His uncle, however, knew exactly who he meant. “She’s Everly’s daughter,” he had said during one of their dinners with the ship’s captain.

For any more information, Tom didn’t dare ask anyone, preferring instead to help himself to the captain’s copy of Debrett’s Peerage and Baronetage .

Although it had been a decade out of date, Lady Helen was listed along with her older brother, Alexander, as the only offspring of Harold Tennison, Earl of Everly, and his countess, Estelle Jones, daughter of the Duke of Westhaven and a woman named Astria Zabat from an island called Mykonos.

So what Helen had told him about her mother that night at the ball was true. She was half-Greek, but she was also a duke’s daughter. He couldn’t remember her mentioning anything about that when any other young lady might have led with such information.

Lady Helen was a duke’s granddaughter!

Given the British had helped the Greeks with their war for independence, it shouldn’t matter if a young lady was of Greek descent.

He found the thought rather enticing, especially now that they had visited Athens and spent time in several archaeological sites, including the Temple of Poseidon at Cape Sounion and the ruins at Delphi.

Should he ever see Lady Helen again, he would be able to regale her with stories of his time in Greece.

Tom scrambled down the ladder to discover his cousin waiting for an answer to his query about what—or rather who—he had seen onshore. “I was probably only seeing things,” he said dismissively.

David frowned. “Who did you think you saw?”

His hands moving to his hips, Tom shook his head. “Someone we met in London.
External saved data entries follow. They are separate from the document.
text \<open>
  Substituting \<open>u = exp (- s)\<close> and \<open>u = exp s\<close> turns \<open>H x\<close> and the comparison
  function into \<open>1/\<bar>b\<bar>\<close> times the integrals over \<open>[0, x]\<close> of \<open>\<Phi>(exp (- s))\<close>
  and of \<open>nubar (exp s)\<close>. Since \<open>1 - exp (- w)\<close> differs from the step function
  \<open>[w \<ge> 1]\<close> by at most \<open>6 (exp (- w / e) - exp (- w))\<close>, the two integrands differ by at
  most \<open>6 (\<Phi>(exp (- s)) - \<Phi>(exp (- s - 1)))\<close>, which telescopes; so \<open>H\<close> and the
  comparison function differ by a bounded amount, and \<open>H x \<rightarrow> \<infinity>\<close> gives the
  equivalence. The derivative is the fundamental theorem of calculus, \<open>\<Phi>\<close> being concave
  and hence continuous on \<open>(0, \<infinity>)\<close>.

  For a slowly varying tail, \<open>\<Phi>(1/y)\<close> is bounded below by \<open>(1 - exp (- s)) nubar (s y)\<close>
  and above by \<open>nubar (\<epsilon> y) + (\<beta> + \<integral> min z (\<epsilon> y) \<nu>(dz)) / y\<close>. Iterating
  \<open>nubar (y/2) \<le> 3/2 nubar y\<close> along dyadic scales shows that the truncated mean
  \<open>\<integral> min z t \<nu>(dz)\<close> is at most \<open>C + 3 t nubar t\<close> and that \<open>t nubar t \<rightarrow> \<infinity>\<close>,
  so \<open>\<Phi>(1/y) / nubar y\<close> is eventually above every \<open>a < 1 - exp (- s)\<close> and below every
  \<open>a > 1 + 3 \<epsilon>\<close>.
\<close>

lemma abs_one_minus_exp_le:
  fixes q z :: real
  assumes "q \<ge> 0" "z > 0"
  shows "\<bar>1 - exp (- q * z)\<bar> \<le> max 1 q * min 1 z"
proof (cases "z \<le> 1")
  case True
  have "1 - exp (- q * z) \<le> q * z" using exp_ge_add_one_self[of "- q * z"] by simp
  also have "\<dots> \<le> max 1 q * z" using assms by (intro mult_right_mono) auto
  finally show ?thesis using assms True by simp
next
  case False
  have "1 - exp (- q * z) \<le> max 1 q" by (simp add: le_max_iff_disj)
  then show ?thesis using assms False by simp
qed

lemma abs_one_minus_exp_sub_step_le:
  fixes w :: real
  assumes "w > 0"
  shows "\<bar>(1 - exp (- w)) - (if 1 \<le> w then 1 else 0)\<bar> \<le> 6 * (exp (- w * exp (- 1)) - exp (- w))"
proof -
  have e_bounds: "1/3 \<le> exp (- 1 :: real)" "exp (- 1 :: real) \<le> 1/2"
    using exp_le exp_ge_add_one_self[of "1::real"] by (simp_all add: exp_minus field_simps)
  have "1 + w / 2 \<le> 1 + w * (1 - exp (- 1))"
    using mult_left_mono[of "1/2" "1 - exp (- 1)" w] e_bounds assms by simp
  also have "\<dots> \<le> exp (w * (1 - exp (- 1)))" by (rule exp_ge_add_one_self)
  finally have "exp (- w) * (1 + w / 2) \<le> exp (- w) * exp (w * (1 - exp (- 1)))"
    by simp
  also have "\<dots> = exp (- w * exp (- 1))"
    by (simp add: algebra_simps flip: exp_add)
  finally have gap: "3 * w * exp (- w) \<le> 6 * (exp (- w * exp (- 1)) - exp (- w))"
    by (simp add: algebra_simps)
  show ?thesis
  proof (cases "1 \<le> w")
    case True
    then have "exp (- w) \<le> 3 * w * exp (- w)" by simp
    moreover have "\<bar>(1 - exp (- w)) - (if 1 \<le> w then 1 else 0)\<bar> = exp (- w)" using True by simp
    ultimately show ?thesis using gap by linarith
  next
    case False
    then have "exp (- 1) \<le> exp (- w)" by simp
    then have "1/3 \<le> exp (- w)" using e_bounds by linarith
    then have "w \<le> 3 * w * exp (- w)" using assms by (simp add: field_simps)
    moreover have "1 - exp (- w) \<le> w" "0 \<le> 1 - exp (- w)"
      using exp_ge_add_one_self[of "- w"] assms by simp_all
    ultimately show ?thesis using False gap by simp
  qed
qed

lemma set_integral_telescope_le:
  fixes G :: "real \<Rightarrow> real"
  assumes cont: "\<And>s. isCont G s" and nonneg: "\<And>s. G s \<ge> 0" and "x \<ge> 0"
  shows "(LINT s:{0..x}|lborel. G s - G (s + 1)) \<le> (LINT s:{0..1}|lborel. G s)"
proof -
  have integrable: "interval_lebesgue_integrable lborel (ereal a) (ereal b) G" for a b
    by (intro interval_integrable_isCont cont)
  have split: "(LBINT s=ereal a..ereal b. G s) + (LBINT s=ereal b..ereal c. G s) = (LBINT s=ereal a..ereal c. G s)"
    for a b c
    using integrable[of "min a (min b c)" "max a (max b c)"] by (intro interval_integral_sum) simp
  have shift: "(LBINT s=ereal 0..ereal x. G (s + 1)) = (LBINT s=ereal 1..ereal (x + 1). G s)"
  proof -
    have "((\<lambda>s. s + 1) has_real_derivative 1) (at s within {0..x})" for s
      by (auto intro!: derivative_eq_intros)
    then show ?thesis
      using interval_integral_substitution_finite[OF \<open>x \<ge> 0\<close>, of "\<lambda>s. s + 1" "\<lambda>_. 1" G]
      by (simp add: continuous_at_imp_continuous_on cont)
  qed
  have "(LBINT s=ereal x..ereal (x + 1). G s) \<ge> 0"
    using nonneg unfolding interval_integral_Icc[OF le_add_same_cancel1[THEN iffD2, OF zero_le_one]]
    by (simp add: set_lebesgue_integral_def)
  moreover have "(LINT s:{0..x}|lborel. G s - G (s + 1))
      = (LBINT s=ereal 0..ereal x. G s) - (LBINT s=ereal 0..ereal x. G (s + 1))"
  proof -
    have "isCont (\<lambda>s. G (s + 1)) s" for s
      using continuous_at_compose[of s "\<lambda>s. s + 1" G] cont by (simp add: o_def)
    then have "interval_lebesgue_integrable lborel (ereal 0) (ereal x) (\<lambda>s. G (s + 1))"
      by (intro interval_integrable_isCont)
    then show ?thesis
      using \<open>x \<ge> 0\<close> integrable interval_lebesgue_integral_diff(2)
      by (simp add: interval_integral_Icc[symmetric])
  qed
  ultimately show ?thesis
    using split[of 0 1 x] split[of 1 x "x + 1"] \<open>x \<ge> 0\<close>
    by (simp add: shift interval_integral_Icc)
qed

lemma asymp_equiv_if_bounded_diff:
  fixes f g :: "'a \<Rightarrow> real"
  assumes f: "filterlim f at_top F" and bounded: "eventually (\<lambda>x. \<bar>f x - g x\<bar> \<le> B) F"
  shows "f \<sim>[F] g"
proof -
  have "((\<lambda>x. (f x - g x) / f x) \<longlongrightarrow> 0) F"
  proof (rule tendsto_0_le[OF tendsto_inverse_0_at_top[OF f], where K = B])
    show "eventually (\<lambda>x. norm ((f x - g x) / f x) \<le> norm (inverse (f x)) * B) F"
      using bounded
    proof eventually_elim
      case (elim x)
      then have "inverse \<bar>f x\<bar> * \<bar>f x - g x\<bar> \<le> inverse \<bar>f x\<bar> * B"
        by (intro mult_left_mono) auto
      then show ?case by (simp add: abs_mult divide_inverse mult.commute)
    qed
  qed
  then have "((\<lambda>x. 1 - (f x - g x) / f x) \<longlongrightarrow> 1) F"
    using tendsto_diff[OF tendsto_const] by fastforce
  moreover have "eventually (\<lambda>x. 1 - (f x - g x) / f x = g x / f x) F"
    using filterlim_at_top_dense[THEN iffD1, OF f, rule_format, of 0]
    by eventually_elim (simp add: field_simps)
  ultimately have "g \<sim>[F] f"
    by (intro asymp_equivI') (simp add: tendsto_cong)
  then show ?thesis by (rule asymp_equiv_symI)
qed

lemma slowly_varyingD: "slowly_varying R \<Longrightarrow> c > 0 \<Longrightarrow> ((\<lambda>x. R (c * x) / R x) \<longlongrightarrow> 1) at_top"
  by (simp add: slowly_varying_def)

lemma doubling_induct [consumes 2, case_names base step]:
  fixes X y :: real
  assumes "X > 0" "X \<le> y"
    and base: "\<And>y. X \<le> y \<Longrightarrow> y < 2 * X \<Longrightarrow> P y"
    and step: "\<And>y. 2 * X \<le> y \<Longrightarrow> P (y / 2) \<Longrightarrow> P y"
  shows "P y"
proof -
  obtain n where "y / X < 2 ^ n" using real_arch_pow[of 2 "y / X"] by auto
  then have "y < 2 ^ n * X" using \<open>X > 0\<close> by (simp add: field_simps)
  with \<open>X \<le> y\<close> show ?thesis
  proof (induction n arbitrary: y)
    case 0
    then show ?case by simp
  next
    case (Suc n)
    show ?case
    proof (cases "y < 2 * X")
      case True
      then show ?thesis using base Suc.prems by blast
    next
      case False
      have "2 * X \<le> y" using False by simp
      moreover have "P (y / 2)" by (rule Suc.IH) (use False Suc.prems in auto)
      ultimately show ?thesis by (rule step)
    qed
  qed
qed

lemma filterlim_at_top_doubling:
  fixes g :: "real \<Rightarrow> real"
  assumes "X > 0" "r > 1" "c > 0"
    and lower: "\<And>y. X \<le> y \<Longrightarrow> c \<le> g y"
    and growth: "\<And>y. 2 * X \<le> y \<Longrightarrow> r * g (y / 2) \<le> g y"
  shows "filterlim g at_top at_top"
proof -
  have geometric: "r ^ n * c \<le> g y" if "2 ^ n * X \<le> y" for n y
    using that
  proof (induction n arbitrary: y)
    case 0
    then show ?case using lower by simp
  next
    case (Suc n)
    have "X \<le> 2 ^ n * X" using \<open>X > 0\<close> by simp
    then have "2 * X \<le> y" "2 ^ n * X \<le> y / 2" using Suc.prems by simp_all
    then have "r * (r ^ n * c) \<le> r * g (y / 2)" "r * g (y / 2) \<le> g y"
      using Suc.IH \<open>r > 1\<close> growth by simp_all
    then show ?case by simp
  qed
  show ?thesis
  proof (subst filterlim_at_top, intro allI)
    fix Z :: real
    obtain n where "Z / c < r ^ n" using real_arch_pow[OF \<open>r > 1\<close>] by blast
    then have "Z \<le> r ^ n * c" using \<open>c > 0\<close> by (simp add: field_simps)
    moreover have "eventually (\<lambda>y. r ^ n * c \<le> g y) at_top"
      using eventually_ge_at_top[of "2 ^ n * X"] by (rule eventually_mono) (rule geometric)
    ultimately show "eventually (\<lambda>y. Z \<le> g y) at_top"
      by (auto elim!: eventually_mono)
  qed
qed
At that ball we attended before we left for Sicily,” he replied. “It’s nothing, really,” he added dismissively.

Chuckling, David considered the possibility. “Well, I suppose there are others who have ventured this way from England for their Grand Tours,” he said. “But... that man seemed a bit long in the tooth to be on his.”

“Watch who you’re calling too old to be on his grand Tour,” his father, Will, said as he joined the young men from inside one of the ship’s four cabins.

At eight-and-forty, most might have thought the heir to the Devonville marquessate too old to be traipsing about the Mediterranean on a Grand Tour.

His years in the British Navy acting as a commander followed by over two decades as foreman for his brother-in-law’s farms had served him well when it came to his physique, and it didn’t hurt that his male ancestors had all seemed to live well past seventy.

“Apologies, Father, but that man back there...” David paused to wave in the direction of the shore.

“What man?”

“It was more than just a man,” Tom said, when he joined his uncle and cousin. “Looked more like... like a family,” he added. “An older man and woman, then a younger woman and her babe. I think she was rescuing him from something. Something on the ground that was large and dark.”

“Whatever the man was going to shoot,” David said, his eyes rounding.

“That would have been a crocodile,” George announced. Three pairs of eyes turned to regard the captain of the ship and their dragoman for the trip to Cairo with curiosity. “Very dangerous, especially the large ones.”

Will’s eyes rounded. “I had quite forgotten about them,” he said under his breath.

“You’ve seen them before?” Tom asked in alarm.

“You all have. There were a couple of them at that menagerie we attended whilst we were in London,” Will replied. “The dark green reptiles with the long jaws and sharp teeth.” He pantomimed the shape of a crocodile’s head, extending his hands out in front his face.

“Oh, I remember now,” Tom murmured, his gaze going to the south. The family on the shore had long ago disappeared and been replaced with marshlands featuring water buffalo.

“Sir, will we be having breakfast anytime soon?” David asked George.

Their dark-skinned guide chuckled. “I have been cooking all night just for you,” he teased. “Please, help yourself at my table.”

David glanced at his father, as if seeking permission.

“Go on,” Will said. “I’ll be right behind you.”

“As will I,” Barbara, his wife and mother to David said as she emerged from their cabin.

Dressed in a light yellow day gown made from sprigged cotton, she appeared well-rested.

Despite her attempts to remain under cover from the sun, her complexion wasn’t nearly as pale as it had been when they left Oxfordshire the year-and-a-half before.

“I don’t know why, but I’m famished ,” she claimed.